■ What the task requires
Your job is to report every line of the entries that has "insert".

■ Given records
+ + + + +

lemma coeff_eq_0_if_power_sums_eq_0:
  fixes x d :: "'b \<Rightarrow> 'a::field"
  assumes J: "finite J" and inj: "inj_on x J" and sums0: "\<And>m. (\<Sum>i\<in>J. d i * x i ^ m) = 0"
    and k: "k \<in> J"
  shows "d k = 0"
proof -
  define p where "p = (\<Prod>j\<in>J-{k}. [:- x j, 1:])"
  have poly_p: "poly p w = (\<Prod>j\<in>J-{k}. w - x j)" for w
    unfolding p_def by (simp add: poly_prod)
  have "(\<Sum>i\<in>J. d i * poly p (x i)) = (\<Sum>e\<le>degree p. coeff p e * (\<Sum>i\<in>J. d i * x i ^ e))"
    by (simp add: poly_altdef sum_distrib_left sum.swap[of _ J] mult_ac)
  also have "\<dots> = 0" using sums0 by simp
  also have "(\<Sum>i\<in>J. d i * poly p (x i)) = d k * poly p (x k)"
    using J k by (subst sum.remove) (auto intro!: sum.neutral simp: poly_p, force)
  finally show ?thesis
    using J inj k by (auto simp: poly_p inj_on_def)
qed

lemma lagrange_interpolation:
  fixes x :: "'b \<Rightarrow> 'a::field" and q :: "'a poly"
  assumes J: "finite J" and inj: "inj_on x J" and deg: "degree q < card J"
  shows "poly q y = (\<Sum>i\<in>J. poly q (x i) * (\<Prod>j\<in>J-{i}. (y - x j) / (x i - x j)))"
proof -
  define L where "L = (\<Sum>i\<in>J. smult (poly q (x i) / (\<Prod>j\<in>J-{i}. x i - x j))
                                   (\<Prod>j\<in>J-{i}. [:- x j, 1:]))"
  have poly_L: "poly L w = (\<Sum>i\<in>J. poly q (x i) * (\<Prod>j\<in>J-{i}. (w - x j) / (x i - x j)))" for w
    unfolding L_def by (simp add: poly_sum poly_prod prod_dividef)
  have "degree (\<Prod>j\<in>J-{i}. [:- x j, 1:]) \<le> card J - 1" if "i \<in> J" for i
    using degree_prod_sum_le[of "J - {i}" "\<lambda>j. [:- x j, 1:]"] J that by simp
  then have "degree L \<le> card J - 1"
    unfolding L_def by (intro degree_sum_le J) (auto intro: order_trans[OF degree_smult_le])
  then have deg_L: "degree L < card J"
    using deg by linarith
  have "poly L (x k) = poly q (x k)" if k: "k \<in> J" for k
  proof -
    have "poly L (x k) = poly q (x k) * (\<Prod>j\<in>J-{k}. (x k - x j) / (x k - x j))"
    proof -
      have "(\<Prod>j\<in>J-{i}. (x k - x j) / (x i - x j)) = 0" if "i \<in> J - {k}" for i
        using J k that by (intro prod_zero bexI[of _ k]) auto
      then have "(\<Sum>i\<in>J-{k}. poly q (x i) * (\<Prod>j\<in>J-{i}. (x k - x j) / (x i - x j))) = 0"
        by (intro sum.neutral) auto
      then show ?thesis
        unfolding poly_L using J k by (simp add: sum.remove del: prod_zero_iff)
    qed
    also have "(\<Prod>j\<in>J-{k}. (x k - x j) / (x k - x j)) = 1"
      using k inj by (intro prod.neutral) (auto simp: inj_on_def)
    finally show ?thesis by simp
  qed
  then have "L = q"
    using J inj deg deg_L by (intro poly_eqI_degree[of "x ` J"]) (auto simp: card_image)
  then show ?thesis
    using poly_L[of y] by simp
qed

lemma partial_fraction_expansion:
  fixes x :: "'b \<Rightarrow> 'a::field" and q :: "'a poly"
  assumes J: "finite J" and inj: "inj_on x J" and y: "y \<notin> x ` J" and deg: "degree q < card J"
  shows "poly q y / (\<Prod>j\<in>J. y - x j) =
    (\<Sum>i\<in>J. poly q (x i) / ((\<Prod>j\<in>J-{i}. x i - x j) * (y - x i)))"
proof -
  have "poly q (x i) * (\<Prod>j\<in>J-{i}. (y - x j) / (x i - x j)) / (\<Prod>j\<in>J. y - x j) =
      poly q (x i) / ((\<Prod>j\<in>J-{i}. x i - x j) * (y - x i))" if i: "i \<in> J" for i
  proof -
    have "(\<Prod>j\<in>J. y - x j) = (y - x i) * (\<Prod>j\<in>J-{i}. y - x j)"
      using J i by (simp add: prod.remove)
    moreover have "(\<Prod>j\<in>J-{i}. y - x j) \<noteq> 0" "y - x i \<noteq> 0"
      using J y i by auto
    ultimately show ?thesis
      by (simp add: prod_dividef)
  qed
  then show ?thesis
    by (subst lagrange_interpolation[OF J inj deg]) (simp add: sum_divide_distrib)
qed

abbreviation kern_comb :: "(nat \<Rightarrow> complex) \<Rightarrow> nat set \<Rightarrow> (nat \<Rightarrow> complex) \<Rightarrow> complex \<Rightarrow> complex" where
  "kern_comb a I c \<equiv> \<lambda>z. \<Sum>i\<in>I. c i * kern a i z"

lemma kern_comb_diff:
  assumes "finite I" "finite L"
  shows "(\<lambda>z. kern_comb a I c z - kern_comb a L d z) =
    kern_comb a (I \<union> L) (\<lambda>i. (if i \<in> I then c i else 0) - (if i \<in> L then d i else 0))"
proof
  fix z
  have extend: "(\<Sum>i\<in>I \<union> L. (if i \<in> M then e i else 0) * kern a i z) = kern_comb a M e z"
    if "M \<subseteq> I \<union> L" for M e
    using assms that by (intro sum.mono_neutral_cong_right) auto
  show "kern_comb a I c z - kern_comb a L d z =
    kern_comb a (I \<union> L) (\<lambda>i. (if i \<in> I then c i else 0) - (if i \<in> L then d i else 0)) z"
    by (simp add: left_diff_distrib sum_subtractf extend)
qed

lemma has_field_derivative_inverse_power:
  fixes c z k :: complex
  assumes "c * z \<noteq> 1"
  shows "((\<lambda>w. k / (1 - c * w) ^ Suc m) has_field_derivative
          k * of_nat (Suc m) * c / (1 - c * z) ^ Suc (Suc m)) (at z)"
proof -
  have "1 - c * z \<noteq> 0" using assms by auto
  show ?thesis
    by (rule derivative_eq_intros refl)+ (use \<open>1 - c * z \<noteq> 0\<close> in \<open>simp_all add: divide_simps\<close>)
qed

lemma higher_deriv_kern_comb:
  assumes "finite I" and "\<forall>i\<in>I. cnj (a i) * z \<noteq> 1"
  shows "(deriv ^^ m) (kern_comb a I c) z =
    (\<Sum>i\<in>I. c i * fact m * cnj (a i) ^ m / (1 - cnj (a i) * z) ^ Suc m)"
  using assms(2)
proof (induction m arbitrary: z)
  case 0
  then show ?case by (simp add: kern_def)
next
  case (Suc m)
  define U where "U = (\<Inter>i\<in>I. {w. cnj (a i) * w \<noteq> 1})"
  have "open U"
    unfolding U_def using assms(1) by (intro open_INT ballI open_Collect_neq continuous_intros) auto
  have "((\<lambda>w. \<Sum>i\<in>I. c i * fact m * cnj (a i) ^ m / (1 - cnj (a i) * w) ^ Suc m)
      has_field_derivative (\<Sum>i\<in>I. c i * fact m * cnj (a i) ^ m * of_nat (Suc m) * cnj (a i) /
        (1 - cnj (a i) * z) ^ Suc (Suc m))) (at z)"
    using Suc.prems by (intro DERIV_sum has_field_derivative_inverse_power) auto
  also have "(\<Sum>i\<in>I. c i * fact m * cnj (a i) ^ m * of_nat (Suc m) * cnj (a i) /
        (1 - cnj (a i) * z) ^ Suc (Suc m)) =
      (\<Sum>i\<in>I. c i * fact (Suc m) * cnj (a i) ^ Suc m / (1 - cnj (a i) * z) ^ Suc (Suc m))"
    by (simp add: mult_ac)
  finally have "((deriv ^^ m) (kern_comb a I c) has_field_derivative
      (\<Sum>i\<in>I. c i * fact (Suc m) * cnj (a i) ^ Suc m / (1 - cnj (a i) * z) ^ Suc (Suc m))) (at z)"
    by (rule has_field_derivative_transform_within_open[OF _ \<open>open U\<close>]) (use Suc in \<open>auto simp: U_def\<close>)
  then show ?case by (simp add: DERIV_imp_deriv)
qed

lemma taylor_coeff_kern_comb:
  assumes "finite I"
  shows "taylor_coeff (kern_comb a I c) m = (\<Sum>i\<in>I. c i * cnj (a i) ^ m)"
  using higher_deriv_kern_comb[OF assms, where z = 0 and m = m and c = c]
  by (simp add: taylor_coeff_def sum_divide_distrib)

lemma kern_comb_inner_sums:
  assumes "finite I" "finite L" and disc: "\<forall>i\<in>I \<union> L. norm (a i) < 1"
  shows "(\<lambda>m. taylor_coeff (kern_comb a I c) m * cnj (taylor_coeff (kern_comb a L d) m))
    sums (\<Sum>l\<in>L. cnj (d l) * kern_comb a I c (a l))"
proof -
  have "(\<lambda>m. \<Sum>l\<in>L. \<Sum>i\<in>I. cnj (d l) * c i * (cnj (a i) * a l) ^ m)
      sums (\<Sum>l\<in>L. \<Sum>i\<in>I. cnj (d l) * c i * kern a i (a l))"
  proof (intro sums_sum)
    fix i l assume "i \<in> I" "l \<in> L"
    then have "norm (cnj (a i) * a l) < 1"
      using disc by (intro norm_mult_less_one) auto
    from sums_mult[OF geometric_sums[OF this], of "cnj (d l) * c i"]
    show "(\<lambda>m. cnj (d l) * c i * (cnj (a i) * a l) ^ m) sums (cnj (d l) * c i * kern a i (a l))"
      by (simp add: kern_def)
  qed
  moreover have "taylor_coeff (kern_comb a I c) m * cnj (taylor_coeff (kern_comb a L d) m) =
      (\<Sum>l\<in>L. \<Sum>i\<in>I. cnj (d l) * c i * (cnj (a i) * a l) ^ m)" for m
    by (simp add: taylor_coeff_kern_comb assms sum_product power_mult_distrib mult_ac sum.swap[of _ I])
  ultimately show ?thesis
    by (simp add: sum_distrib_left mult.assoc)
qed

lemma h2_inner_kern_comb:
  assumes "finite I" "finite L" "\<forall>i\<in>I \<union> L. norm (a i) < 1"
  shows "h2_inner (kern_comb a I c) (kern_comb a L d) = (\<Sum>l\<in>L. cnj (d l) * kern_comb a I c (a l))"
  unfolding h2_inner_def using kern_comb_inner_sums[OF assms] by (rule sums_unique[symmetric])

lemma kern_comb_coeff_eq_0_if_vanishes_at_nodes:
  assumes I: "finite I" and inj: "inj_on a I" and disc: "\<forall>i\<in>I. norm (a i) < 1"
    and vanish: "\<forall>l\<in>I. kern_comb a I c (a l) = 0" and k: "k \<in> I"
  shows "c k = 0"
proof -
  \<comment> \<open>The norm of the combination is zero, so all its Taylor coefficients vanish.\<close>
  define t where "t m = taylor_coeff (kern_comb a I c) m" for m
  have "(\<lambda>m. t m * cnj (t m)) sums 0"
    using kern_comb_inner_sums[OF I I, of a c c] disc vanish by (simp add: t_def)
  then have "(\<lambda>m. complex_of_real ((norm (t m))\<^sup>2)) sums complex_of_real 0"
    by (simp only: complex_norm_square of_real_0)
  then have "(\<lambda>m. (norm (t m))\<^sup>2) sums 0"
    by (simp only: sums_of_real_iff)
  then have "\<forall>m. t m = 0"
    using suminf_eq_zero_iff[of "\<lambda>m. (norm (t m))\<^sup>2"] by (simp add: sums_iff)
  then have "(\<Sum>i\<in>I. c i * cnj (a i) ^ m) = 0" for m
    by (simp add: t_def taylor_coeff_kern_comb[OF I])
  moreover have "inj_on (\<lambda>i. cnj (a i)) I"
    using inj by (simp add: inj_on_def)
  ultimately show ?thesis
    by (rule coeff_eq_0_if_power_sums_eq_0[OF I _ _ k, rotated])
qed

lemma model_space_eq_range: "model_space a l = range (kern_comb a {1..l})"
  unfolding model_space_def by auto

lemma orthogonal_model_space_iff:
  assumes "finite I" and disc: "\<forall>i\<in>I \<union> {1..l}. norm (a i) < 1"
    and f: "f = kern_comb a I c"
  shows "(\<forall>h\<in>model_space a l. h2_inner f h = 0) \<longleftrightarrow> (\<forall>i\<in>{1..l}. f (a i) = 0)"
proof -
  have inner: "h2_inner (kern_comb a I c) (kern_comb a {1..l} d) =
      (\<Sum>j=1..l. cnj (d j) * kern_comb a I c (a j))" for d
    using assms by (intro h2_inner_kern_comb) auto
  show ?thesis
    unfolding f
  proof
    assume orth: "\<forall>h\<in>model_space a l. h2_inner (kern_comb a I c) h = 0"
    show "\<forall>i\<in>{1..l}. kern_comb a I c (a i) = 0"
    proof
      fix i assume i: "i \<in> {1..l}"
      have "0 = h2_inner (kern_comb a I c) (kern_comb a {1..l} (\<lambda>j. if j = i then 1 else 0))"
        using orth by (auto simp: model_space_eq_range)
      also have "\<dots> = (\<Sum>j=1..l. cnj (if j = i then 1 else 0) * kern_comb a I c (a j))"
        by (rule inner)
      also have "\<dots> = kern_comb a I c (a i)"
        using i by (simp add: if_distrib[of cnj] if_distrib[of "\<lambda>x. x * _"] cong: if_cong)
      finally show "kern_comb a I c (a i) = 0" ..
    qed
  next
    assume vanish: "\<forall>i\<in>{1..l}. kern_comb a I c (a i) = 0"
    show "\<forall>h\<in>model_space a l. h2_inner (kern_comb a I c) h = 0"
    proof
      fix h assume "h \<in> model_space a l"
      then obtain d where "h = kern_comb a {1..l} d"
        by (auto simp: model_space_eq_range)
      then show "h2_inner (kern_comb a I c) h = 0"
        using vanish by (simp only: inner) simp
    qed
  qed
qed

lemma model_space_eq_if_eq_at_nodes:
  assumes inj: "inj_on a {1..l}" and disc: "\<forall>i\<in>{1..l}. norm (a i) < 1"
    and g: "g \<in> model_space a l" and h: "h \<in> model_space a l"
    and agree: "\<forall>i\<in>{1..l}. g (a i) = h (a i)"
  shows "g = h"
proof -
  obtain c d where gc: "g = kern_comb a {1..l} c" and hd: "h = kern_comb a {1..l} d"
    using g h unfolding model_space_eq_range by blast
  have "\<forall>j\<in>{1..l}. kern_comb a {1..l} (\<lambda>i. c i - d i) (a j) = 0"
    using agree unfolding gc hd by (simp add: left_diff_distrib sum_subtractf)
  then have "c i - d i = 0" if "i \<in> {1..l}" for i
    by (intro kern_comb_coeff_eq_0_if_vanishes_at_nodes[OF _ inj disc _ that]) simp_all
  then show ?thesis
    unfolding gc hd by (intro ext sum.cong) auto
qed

+ + + + +

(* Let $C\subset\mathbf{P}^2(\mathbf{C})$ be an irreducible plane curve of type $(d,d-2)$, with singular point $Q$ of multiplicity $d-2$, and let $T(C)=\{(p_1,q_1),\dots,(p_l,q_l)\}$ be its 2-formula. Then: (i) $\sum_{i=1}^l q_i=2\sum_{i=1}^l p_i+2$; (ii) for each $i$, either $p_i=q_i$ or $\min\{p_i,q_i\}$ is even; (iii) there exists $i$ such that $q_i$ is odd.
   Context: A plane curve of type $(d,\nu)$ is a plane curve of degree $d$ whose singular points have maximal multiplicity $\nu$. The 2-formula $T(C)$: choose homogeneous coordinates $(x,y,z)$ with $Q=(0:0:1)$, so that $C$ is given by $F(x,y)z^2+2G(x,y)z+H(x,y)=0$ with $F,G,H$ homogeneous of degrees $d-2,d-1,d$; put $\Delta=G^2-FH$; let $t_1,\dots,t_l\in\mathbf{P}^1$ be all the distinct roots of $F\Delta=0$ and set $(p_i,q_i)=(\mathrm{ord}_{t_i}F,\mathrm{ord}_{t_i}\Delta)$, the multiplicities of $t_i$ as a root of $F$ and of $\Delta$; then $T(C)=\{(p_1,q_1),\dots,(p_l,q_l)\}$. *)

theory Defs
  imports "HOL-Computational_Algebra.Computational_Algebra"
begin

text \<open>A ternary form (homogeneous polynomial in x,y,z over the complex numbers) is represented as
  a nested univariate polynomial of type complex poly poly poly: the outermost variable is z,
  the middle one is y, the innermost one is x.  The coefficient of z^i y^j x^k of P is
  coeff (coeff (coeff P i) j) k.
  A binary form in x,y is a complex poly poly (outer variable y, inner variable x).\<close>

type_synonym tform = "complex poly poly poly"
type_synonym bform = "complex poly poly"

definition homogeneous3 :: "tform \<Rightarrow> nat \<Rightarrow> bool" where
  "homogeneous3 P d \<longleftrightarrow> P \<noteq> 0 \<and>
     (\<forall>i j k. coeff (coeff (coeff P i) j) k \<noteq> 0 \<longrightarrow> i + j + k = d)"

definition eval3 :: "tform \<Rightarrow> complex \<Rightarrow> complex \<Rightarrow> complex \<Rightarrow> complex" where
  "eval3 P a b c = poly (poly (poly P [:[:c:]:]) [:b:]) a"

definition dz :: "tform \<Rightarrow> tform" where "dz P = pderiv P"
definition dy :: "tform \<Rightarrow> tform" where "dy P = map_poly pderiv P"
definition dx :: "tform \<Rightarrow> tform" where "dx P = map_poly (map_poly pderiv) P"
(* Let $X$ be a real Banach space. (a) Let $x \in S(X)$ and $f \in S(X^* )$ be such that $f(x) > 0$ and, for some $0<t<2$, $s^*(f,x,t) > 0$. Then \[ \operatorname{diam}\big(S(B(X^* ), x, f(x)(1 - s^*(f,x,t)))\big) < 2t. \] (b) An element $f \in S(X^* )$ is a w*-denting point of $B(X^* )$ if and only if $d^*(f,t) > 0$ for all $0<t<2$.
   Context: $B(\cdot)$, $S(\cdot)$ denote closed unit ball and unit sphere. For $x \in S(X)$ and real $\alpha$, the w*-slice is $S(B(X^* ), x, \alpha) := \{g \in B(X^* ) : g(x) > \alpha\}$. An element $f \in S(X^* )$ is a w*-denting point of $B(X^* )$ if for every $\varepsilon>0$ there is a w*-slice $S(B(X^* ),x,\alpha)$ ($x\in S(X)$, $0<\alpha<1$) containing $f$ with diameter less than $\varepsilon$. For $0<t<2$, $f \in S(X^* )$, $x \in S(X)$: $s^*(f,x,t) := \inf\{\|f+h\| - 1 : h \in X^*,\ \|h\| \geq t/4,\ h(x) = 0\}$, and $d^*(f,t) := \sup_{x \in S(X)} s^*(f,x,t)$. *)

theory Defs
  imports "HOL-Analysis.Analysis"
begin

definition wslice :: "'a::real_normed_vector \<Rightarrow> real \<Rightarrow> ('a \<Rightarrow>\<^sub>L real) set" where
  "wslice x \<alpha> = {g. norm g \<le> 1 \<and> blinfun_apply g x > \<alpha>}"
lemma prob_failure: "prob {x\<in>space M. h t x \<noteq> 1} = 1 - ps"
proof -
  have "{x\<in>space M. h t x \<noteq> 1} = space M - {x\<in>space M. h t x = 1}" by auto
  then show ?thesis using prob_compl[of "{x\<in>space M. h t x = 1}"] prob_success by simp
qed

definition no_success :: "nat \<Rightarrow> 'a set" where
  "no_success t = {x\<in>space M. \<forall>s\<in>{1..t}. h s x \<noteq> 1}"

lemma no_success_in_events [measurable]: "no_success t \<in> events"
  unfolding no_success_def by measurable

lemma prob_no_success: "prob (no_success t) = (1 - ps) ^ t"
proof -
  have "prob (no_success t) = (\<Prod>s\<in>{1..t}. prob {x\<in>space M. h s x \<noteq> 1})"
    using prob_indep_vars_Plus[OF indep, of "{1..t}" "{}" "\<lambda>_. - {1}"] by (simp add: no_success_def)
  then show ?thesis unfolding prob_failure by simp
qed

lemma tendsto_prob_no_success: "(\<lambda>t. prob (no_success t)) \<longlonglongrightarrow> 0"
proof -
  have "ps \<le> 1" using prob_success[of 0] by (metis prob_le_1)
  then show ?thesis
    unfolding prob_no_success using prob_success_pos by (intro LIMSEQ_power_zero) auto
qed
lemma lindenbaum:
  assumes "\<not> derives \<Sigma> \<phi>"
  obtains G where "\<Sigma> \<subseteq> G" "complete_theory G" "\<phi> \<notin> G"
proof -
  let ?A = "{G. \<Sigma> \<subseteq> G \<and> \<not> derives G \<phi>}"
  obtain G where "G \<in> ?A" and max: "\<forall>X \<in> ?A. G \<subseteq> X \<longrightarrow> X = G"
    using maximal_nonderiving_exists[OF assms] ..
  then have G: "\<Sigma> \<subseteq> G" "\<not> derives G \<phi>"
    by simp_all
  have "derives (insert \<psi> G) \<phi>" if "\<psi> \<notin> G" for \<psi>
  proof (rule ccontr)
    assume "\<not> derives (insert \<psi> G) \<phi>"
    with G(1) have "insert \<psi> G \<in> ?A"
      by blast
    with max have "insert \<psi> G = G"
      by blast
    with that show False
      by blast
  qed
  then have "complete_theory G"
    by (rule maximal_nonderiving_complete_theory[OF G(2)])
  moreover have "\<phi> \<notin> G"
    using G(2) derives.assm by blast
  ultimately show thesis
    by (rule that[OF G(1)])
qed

+ + + + +

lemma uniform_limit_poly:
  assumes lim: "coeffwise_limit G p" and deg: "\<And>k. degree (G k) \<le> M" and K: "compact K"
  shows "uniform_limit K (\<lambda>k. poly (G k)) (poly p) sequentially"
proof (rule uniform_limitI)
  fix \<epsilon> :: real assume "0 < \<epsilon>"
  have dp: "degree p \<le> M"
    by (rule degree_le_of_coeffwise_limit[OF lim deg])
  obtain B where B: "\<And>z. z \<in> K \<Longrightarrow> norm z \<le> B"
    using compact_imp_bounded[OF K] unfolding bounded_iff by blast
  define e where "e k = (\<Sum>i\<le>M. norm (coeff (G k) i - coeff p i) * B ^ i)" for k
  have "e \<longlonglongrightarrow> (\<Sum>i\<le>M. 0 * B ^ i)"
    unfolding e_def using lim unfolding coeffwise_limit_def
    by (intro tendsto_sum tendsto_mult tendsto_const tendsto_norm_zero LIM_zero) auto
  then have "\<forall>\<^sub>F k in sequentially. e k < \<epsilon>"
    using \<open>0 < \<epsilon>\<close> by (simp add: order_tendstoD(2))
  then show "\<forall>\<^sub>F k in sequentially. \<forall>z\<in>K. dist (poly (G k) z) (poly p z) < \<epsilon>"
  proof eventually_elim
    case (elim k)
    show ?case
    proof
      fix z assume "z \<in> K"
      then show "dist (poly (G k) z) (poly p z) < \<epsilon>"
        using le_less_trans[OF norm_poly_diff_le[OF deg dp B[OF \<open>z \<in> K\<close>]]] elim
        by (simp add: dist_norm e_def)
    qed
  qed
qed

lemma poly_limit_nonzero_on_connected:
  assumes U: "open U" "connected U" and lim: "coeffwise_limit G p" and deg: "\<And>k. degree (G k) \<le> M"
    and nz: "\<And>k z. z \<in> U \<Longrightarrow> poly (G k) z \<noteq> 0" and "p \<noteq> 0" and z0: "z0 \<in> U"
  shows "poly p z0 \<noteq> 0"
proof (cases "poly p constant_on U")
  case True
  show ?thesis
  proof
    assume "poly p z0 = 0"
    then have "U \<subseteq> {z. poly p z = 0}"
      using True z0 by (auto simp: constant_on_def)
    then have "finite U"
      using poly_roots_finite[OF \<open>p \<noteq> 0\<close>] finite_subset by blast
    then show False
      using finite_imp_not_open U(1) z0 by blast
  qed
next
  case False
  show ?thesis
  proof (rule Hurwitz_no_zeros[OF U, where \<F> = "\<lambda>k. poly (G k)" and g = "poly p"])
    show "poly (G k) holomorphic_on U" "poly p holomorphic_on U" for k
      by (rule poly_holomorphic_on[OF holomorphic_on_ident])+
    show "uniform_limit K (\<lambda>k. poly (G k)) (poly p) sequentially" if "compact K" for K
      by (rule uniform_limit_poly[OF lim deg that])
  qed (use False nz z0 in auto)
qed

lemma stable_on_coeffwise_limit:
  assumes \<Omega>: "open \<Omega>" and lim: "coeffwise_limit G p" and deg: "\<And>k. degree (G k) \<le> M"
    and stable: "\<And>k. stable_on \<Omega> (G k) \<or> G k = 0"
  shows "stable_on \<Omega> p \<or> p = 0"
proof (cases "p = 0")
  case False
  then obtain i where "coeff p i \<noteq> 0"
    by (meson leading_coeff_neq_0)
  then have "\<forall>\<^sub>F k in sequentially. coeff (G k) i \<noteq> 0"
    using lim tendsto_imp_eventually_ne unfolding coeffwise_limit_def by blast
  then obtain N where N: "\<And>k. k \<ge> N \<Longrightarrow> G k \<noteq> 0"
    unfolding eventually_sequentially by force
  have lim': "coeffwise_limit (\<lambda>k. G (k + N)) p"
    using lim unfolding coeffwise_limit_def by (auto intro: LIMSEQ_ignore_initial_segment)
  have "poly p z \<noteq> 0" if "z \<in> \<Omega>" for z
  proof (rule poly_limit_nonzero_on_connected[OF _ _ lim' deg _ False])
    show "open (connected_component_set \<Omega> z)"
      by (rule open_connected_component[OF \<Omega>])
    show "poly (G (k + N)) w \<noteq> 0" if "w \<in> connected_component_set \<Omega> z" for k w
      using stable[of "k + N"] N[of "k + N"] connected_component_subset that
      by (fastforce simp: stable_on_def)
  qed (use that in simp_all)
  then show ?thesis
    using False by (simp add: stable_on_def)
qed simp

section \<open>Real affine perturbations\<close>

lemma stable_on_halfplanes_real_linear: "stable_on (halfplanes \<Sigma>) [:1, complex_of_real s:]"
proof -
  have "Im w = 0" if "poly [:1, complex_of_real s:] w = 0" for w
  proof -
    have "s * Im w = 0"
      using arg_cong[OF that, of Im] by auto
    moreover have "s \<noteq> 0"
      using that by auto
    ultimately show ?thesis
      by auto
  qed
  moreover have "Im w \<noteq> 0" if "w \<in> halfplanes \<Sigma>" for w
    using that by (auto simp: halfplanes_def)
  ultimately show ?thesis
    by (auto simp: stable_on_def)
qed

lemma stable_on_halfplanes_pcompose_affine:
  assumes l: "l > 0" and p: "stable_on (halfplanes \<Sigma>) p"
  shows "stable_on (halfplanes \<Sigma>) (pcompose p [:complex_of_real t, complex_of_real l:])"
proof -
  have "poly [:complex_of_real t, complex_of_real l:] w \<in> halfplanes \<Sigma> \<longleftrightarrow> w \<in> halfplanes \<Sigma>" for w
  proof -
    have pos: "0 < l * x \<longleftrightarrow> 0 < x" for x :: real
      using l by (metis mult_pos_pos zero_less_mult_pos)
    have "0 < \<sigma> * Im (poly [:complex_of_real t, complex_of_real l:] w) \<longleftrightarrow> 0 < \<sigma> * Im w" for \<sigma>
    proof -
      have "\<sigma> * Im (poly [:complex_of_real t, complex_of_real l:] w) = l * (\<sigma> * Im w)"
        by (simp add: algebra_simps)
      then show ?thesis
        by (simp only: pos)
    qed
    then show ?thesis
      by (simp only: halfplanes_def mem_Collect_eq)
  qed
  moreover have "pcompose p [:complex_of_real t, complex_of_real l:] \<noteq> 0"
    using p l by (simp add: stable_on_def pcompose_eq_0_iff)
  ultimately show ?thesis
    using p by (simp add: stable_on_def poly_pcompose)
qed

+ + + + +

■ Written solution
  have "derives (insert \<psi> G) \<phi>" if "\<psi> \<notin> G" for \<psi>
    assume "\<not> derives (insert \<psi> G) \<phi>"
    with G(1) have "insert \<psi> G \<in> ?A"
    with max have "insert \<psi> G = G"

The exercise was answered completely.